The system does recover from the reset faster than before though - suspends and resumes in a few seconds now, whereas earlier it would take a few tens of seconds to snap out of the reset cycle.
Comment 35 Alex Deucher 2014-04-11 01:03:04 UTC
(In reply to comment #34)
> Even with the latest patch applied
> (https://bugs.freedesktop.org/attachment.cgi?id=97193) the problem still
> occurs.
> 
> The system does recover from the reset faster than before though - suspends
> and resumes in a few seconds now, whereas earlier it would take a few tens
> of seconds to snap out of the reset cycle.

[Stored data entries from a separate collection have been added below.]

lemma exists_almost_orthogonal:
  assumes W0: "csubspace W0" "closed W0" and ind: "cindep_mod e m W0"
    and \<theta>: "0 < \<theta>" "\<theta> < 1"
  obtains f where "almost_orthogonal \<theta> W0 f m" "ext_span W0 f m \<subseteq> ext_span W0 e m"
proof -
  have "k \<le> m \<Longrightarrow> \<exists>f. almost_orthogonal \<theta> W0 f k \<and> ext_span W0 f k \<subseteq> ext_span W0 e k" for k
  proof (induction k)
    case 0
    then show ?case by (simp add: almost_orthogonal_def)
  next
    case (Suc k)
    then obtain f where f: "almost_orthogonal \<theta> W0 f k" "ext_span W0 f k \<subseteq> ext_span W0 e k"
      by auto
    let ?Y = "ext_span W0 f k"
    have Y: "csubspace ?Y" "closed ?Y"
      using f(1) \<theta>(1) by (auto intro: csubspace_ext_span closed_ext_span W0
          dest: almost_orthogonal_not_in_ext_span)
    have "e k \<notin> ?Y"
      using f(2) not_in_ext_span_if_cindep_mod[OF ind] Suc.prems by auto
    then obtain y where y: "y \<in> ?Y" "e k - y \<noteq> 0" "\<theta> * norm (e k - y) \<le> infdist (e k - y) ?Y"
      using riesz_lemma[OF Y _ \<theta>] by blast
    define g where "g = f(k := e k - y)"
    have same: "ext_span W0 g i = ext_span W0 f i" if "i \<le> k" for i
      using that by (intro ext_span_cong) (simp add: g_def)
    have "almost_orthogonal \<theta> W0 g (Suc k)"
      using f(1) y same unfolding almost_orthogonal_def g_def by (auto simp: less_Suc_eq)
    moreover have "ext_span W0 g (Suc k) \<subseteq> ext_span W0 e (Suc k)"
    proof
      fix x assume "x \<in> ext_span W0 g (Suc k)"
      then obtain z t where zt: "z \<in> ?Y" "x = z + t *\<^sub>C (e k - y)"
        using same[of k] by (auto simp: g_def)
      then have "x = (z - t *\<^sub>C y) + t *\<^sub>C e k"
        by (simp add: algebra_simps)
      moreover have "z - t *\<^sub>C y \<in> ext_span W0 e k"
        using zt(1) y(1) f(2) csubspace_ext_span[OF W0(1)]
        by (intro csubspace_diff csubspace_scale) auto
      ultimately show "x \<in> ext_span W0 e (Suc k)" by auto
    qed
    ultimately show ?case by blast
  qed
  then show thesis using that by blast
qed

lemma almost_orthogonal_scaleC:
  assumes W0: "csubspace W0" and f: "almost_orthogonal \<theta> W0 f m" and i: "i < m"
  shows "\<theta> * (cmod a * norm (f i)) \<le> infdist (a *\<^sub>C f i) (ext_span W0 f i)"
proof (cases "a = 0")
  case False
  have "\<theta> * norm (f i) \<le> infdist (f i) (ext_span W0 f i)"
    using f i unfolding almost_orthogonal_def by blast
  from mult_left_mono[OF this, of "cmod a"] show ?thesis
    using infdist_scaleC[OF csubspace_ext_span[OF W0] False]
    by (simp add: ac_simps)
qed (simp add: infdist_nonneg)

Please attach your dmesg output with the patch applied.  It shouldn't try and auto suspend or reset the integrated card at all.  Somehow it seems like runtime pm is still getting applied to the integrated card.
Comment 36 Alex Deucher 2014-04-11 01:07:19 UTC
oh, wait, that's the dGPU that is resetting, not the integrated chip.  Does removing radeon.dpm=1 from your kernel command line in grub help?
Comment 37 Sandeep 2014-04-11 01:10:22 UTC
(In reply to comment #36)
> oh, wait, that's the dGPU that is resetting, not the integrated chip.  Does
> removing radeon.dpm=1 from your kernel command line in grub help?

I will try that now.
Comment 38 Sandeep 2014-04-11 01:30:38 UTC
Results:

Startup(full restart) - no GPU reset
Suspend - GPU reset but recovers quickly
Resume - GPU reset and takes a long time to recover
Comment 39 Alex Deucher 2014-04-11 01:35:39 UTC
Does disabling dpm help (radeon.dpm=0)? if not, any chance you could bisect?  Also, please attach your dmesg output with the latest patch applied.
Comment 40 Sandeep 2014-04-11 01:42:13 UTC
Created attachment 97203 [details]
dmesg, linux 3.15-git

linux 3.15-git-ce7613db2d + patch v4

radeon module parameters at default settings
Comment 41 Sandeep 2014-04-11 01:57:15 UTC
With radeon.dpm=0 and no other module parameters for radeon

Results:

Startup(full restart) - no GPU reset
Suspend - GPU reset but recovers quickly
Resume - GPU reset and takes a long time to recover
Comment 42 Sandeep 2014-04-11 20:07:57 UTC
What exactly do I need to bisect i.e starting and ending commit ?
Comment 43 Alex Deucher 2014-04-11 20:17:00 UTC
(In reply to comment #42)
> What exactly do I need to bisect i.e starting and ending commit ?

git bisect start
git bisect good <commit id or tag>
git bisect bad <commit id or tag>

At this point git will check out the commit halfway between these two.  Test it and report back:
git bisect good //if that commit works
git bisect bad // if that commit is broken

git will checkout the next half way point.  repeat until it's done.  Once you've found the problematic commit:

git bisect reset // resets your tree back to where you were before you started bisecting.  E.g., if it was working in 3.12 and broke in 3.13:

git bisect start
git bisect good v3.12
git bisect bad v3.13
Comment 44 Sandeep 2014-04-11 21:21:49 UTC
Ok, but what should the good and bad commits for the bisect be?

I had already done a bisection earlier and found that the commit adding and enabling runtime power management was where the problems began.